When mixing several direct-out streams that differ in the number of channels they contain, KMixer's mixing algorithm is slightly more complex. In this case, each channel N of the mix is the sum of channels N of all input streams that have a channel N. For example, if KMixer mixes quad and stereo input streams to form a quad output mix, channels zero and one of the output mix are the sums of channels zero and one, respectively, of the input stereo and quad streams. The stereo input stream contributes nothing, however, to channels two and three of the mix, which are taken solely from the last two channels of the quad input stream.
An application that attempts to do either of the following is risking unpredictable behavior:
Play a stream that is not in direct-out format through a device that is configured in direct-out mode.
Play a direct-out stream through a device that is not configured in direct-out mode.

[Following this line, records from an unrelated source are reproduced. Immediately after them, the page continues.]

lemma KL_jointly_convex:
  assumes t: "0 < t" "t < 1"
    and nonneg: "\<And>a. 0 \<le> A1 a" "\<And>a. 0 \<le> A2 a" "\<And>a. 0 \<le> B1 a" "\<And>a. 0 \<le> B2 a"
  shows "KL (\<lambda>a. t * A1 a + (1 - t) * A2 a) (\<lambda>a. t * B1 a + (1 - t) * B2 a)
    \<le> ereal t * KL A1 B1 + ereal (1 - t) * KL A2 B2"
proof (cases "KL A1 B1 = \<infinity> \<or> KL A2 B2 = \<infinity>")
  case True
  have "KL A1 B1 \<noteq> -\<infinity>" "KL A2 B2 \<noteq> -\<infinity>" by (simp_all add: KL_def)
  with True t have "ereal t * KL A1 B1 + ereal (1 - t) * KL A2 B2 = \<infinity>" by auto
  then show ?thesis by (metis ereal_less_eq(1))
next
  case False
  then have ac1: "\<And>a. A1 a \<noteq> 0 \<Longrightarrow> B1 a \<noteq> 0" and ac2: "\<And>a. A2 a \<noteq> 0 \<Longrightarrow> B2 a \<noteq> 0"
    by (auto simp: KL_eq_sum_kl_term split: if_splits)
  have ac: "t * B1 a + (1 - t) * B2 a \<noteq> 0" if "t * A1 a + (1 - t) * A2 a \<noteq> 0" for a
    using that t nonneg[of a] ac1[of a] ac2[of a]
    by (smt (verit) mult_nonneg_nonneg mult_pos_pos)
  have "(\<Sum>a\<in>UNIV. kl_term (t * A1 a + (1 - t) * A2 a) (t * B1 a + (1 - t) * B2 a))
      \<le> (\<Sum>a\<in>UNIV. kl_term (t * A1 a) (t * B1 a) + kl_term ((1 - t) * A2 a) ((1 - t) * B2 a))"
    using t nonneg ac1 ac2 by (intro sum_mono kl_term_add_le) auto
  also have "\<dots> = t * (\<Sum>a\<in>UNIV. kl_term (A1 a) (B1 a)) + (1 - t) * (\<Sum>a\<in>UNIV. kl_term (A2 a) (B2 a))"
    using t by (simp add: kl_term_mult sum.distrib sum_distrib_left)
  finally show ?thesis using ac ac1 ac2 by (auto simp: KL_eq_sum_kl_term)
qed

lemma KL_product_eq_sum:
  assumes "\<And>x. 0 \<le> P x"
  shows "KL (\<lambda>(x, y). P x * Q y) (\<lambda>(x, y). P x * R x y) = (\<Sum>x\<in>UNIV. ereal (P x) * KL Q (R x))"
proof (cases "\<forall>x. P x \<noteq> 0 \<longrightarrow> (\<forall>y. Q y \<noteq> 0 \<longrightarrow> R x y \<noteq> 0)")
  case True
  have "ereal (P x) * KL Q (R x) = ereal (\<Sum>y\<in>UNIV. kl_term (P x * Q y) (P x * R x y))" for x
  proof (cases "P x = 0")
    case False
    then show ?thesis
      using True by (simp add: KL_eq_sum_kl_term kl_term_mult[OF assms] sum_distrib_left)
  qed (simp add: kl_term_def flip: zero_ereal_def)
  then have "(\<Sum>x\<in>UNIV. ereal (P x) * KL Q (R x)) = ereal (\<Sum>(x, y)\<in>UNIV. kl_term (P x * Q y) (P x * R x y))"
    by (simp add: sum.cartesian_product flip: UNIV_Times_UNIV)
  then show ?thesis using True by (auto simp: KL_eq_sum_kl_term case_prod_beta)
next
  case False
  then obtain x y where xy: "P x \<noteq> 0" "Q y \<noteq> 0" "R x y = 0" by blast
  then have "KL Q (R x) = \<infinity>" by (auto simp: KL_def)
  then have "ereal (P x) * KL Q (R x) = \<infinity>" using assms[of x] xy by (simp add: order_less_le)
  then have "(\<Sum>x\<in>UNIV. ereal (P x) * KL Q (R x)) = \<infinity>" by (metis finite UNIV_I sum_Pinfty)
  moreover have "KL (\<lambda>(x, y). P x * Q y) (\<lambda>(x, y). P x * R x y) = \<infinity>"
    using xy by (auto simp: KL_def split: prod.splits intro!: exI[of _ "(x, y)"])
  ultimately show ?thesis by simp
qed

lemma sqrt_mult_less_mean:
  fixes a b :: real
  assumes "0 \<le> a" "0 \<le> b" "a \<noteq> b"
  shows "sqrt (a * b) < (a + b) / 2"
proof -
  have "0 < (sqrt a - sqrt b)\<^sup>2" using assms by simp
  then show ?thesis using assms by (simp add: power2_eq_square algebra_simps real_sqrt_mult)
qed

lemma KL_mean_ge_one_minus_bhattacharyya:
  assumes "distr Q" "\<And>y. 0 \<le> A y" "\<And>y. 0 \<le> B y"
  shows "ereal (1 - (\<Sum>y\<in>UNIV. sqrt (A y * B y))) \<le> ereal (1/2) * KL Q A + ereal (1/2) * KL Q B"
proof (cases "KL Q A = \<infinity> \<or> KL Q B = \<infinity>")
  case True
  have "KL Q A \<noteq> -\<infinity>" "KL Q B \<noteq> -\<infinity>" by (simp_all add: KL_def)
  with True show ?thesis by auto
next
  case False
  then have ac: "\<And>y. Q y \<noteq> 0 \<Longrightarrow> A y \<noteq> 0 \<and> B y \<noteq> 0"
    by (auto simp: KL_eq_sum_kl_term split: if_splits)
  have Q: "\<And>y. 0 \<le> Q y" "sum Q UNIV = 1" using assms(1) by (auto simp: distr_def)
  have "1 - (\<Sum>y\<in>UNIV. sqrt (A y * B y)) = (\<Sum>y\<in>UNIV. Q y - sqrt (A y * B y))"
    using Q by (simp add: sum_subtractf)
  also have "\<dots> \<le> (\<Sum>y\<in>UNIV. kl_term (Q y) (sqrt (A y * B y)))"
    using Q assms ac by (intro sum_mono kl_term_ge_diff) auto
  also have "\<dots> = 1/2 * (\<Sum>y\<in>UNIV. kl_term (Q y) (A y)) + 1/2 * (\<Sum>y\<in>UNIV. kl_term (Q y) (B y))"
    using Q assms ac by (simp add: kl_term_sqrt_mult add_divide_distrib sum.distrib sum_divide_distrib)
  finally show ?thesis using ac by (simp add: KL_eq_sum_kl_term)
qed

When faced with one of these cases, KMixer avoids simply failing the attempt to open the stream. Instead, it tries to handle the apparent incompatibility by using the one-to-one mapping algorithm that is described above. The user may or may not be satisfied with the result. Other audio components cannot be expected to handle these cases in the same way as KMixer. For example, the driver for a device that is configured in direct-out mode should fail an attempt to open a hardware buffer for an output stream that is not in direct-out format, and vice versa.
An audio authoring application might need to let the user listen to the data that it has mixed into the first several channels of its output stream but ignore the raw data that is still contained in the remaining channels of the stream. KMixer's behavior makes this straightforward. For example, if a 24-channel playback stream contains a stereo mix in channels 0 and 1 and raw data in channels 2 through 23, the application does the following:
Configures the target audio device (this is not necessarily the device that the application uses to edit the stream) in stereo mode by calling SetSpeakerConfig with DSSPEAKER_STEREO.
Changes dwChannelMask in the playback stream's WAVEFORMATEXTENSIBLE structure to KSAUDIO_SPEAKER_STEREO but leaves Format.nChannels set to 24, which is the total number of channels in the stream.
KMixer mixes only the stereo channels of the playback stream, which are described in the channel mask, and discards the remaining 22 channels, which contain raw data. Remember that any change made to the DirectSound speaker-configuration setting is unlikely to take effect until the current DirectSound object is destroyed and another is created (see Applying Speaker-Configuration Settings).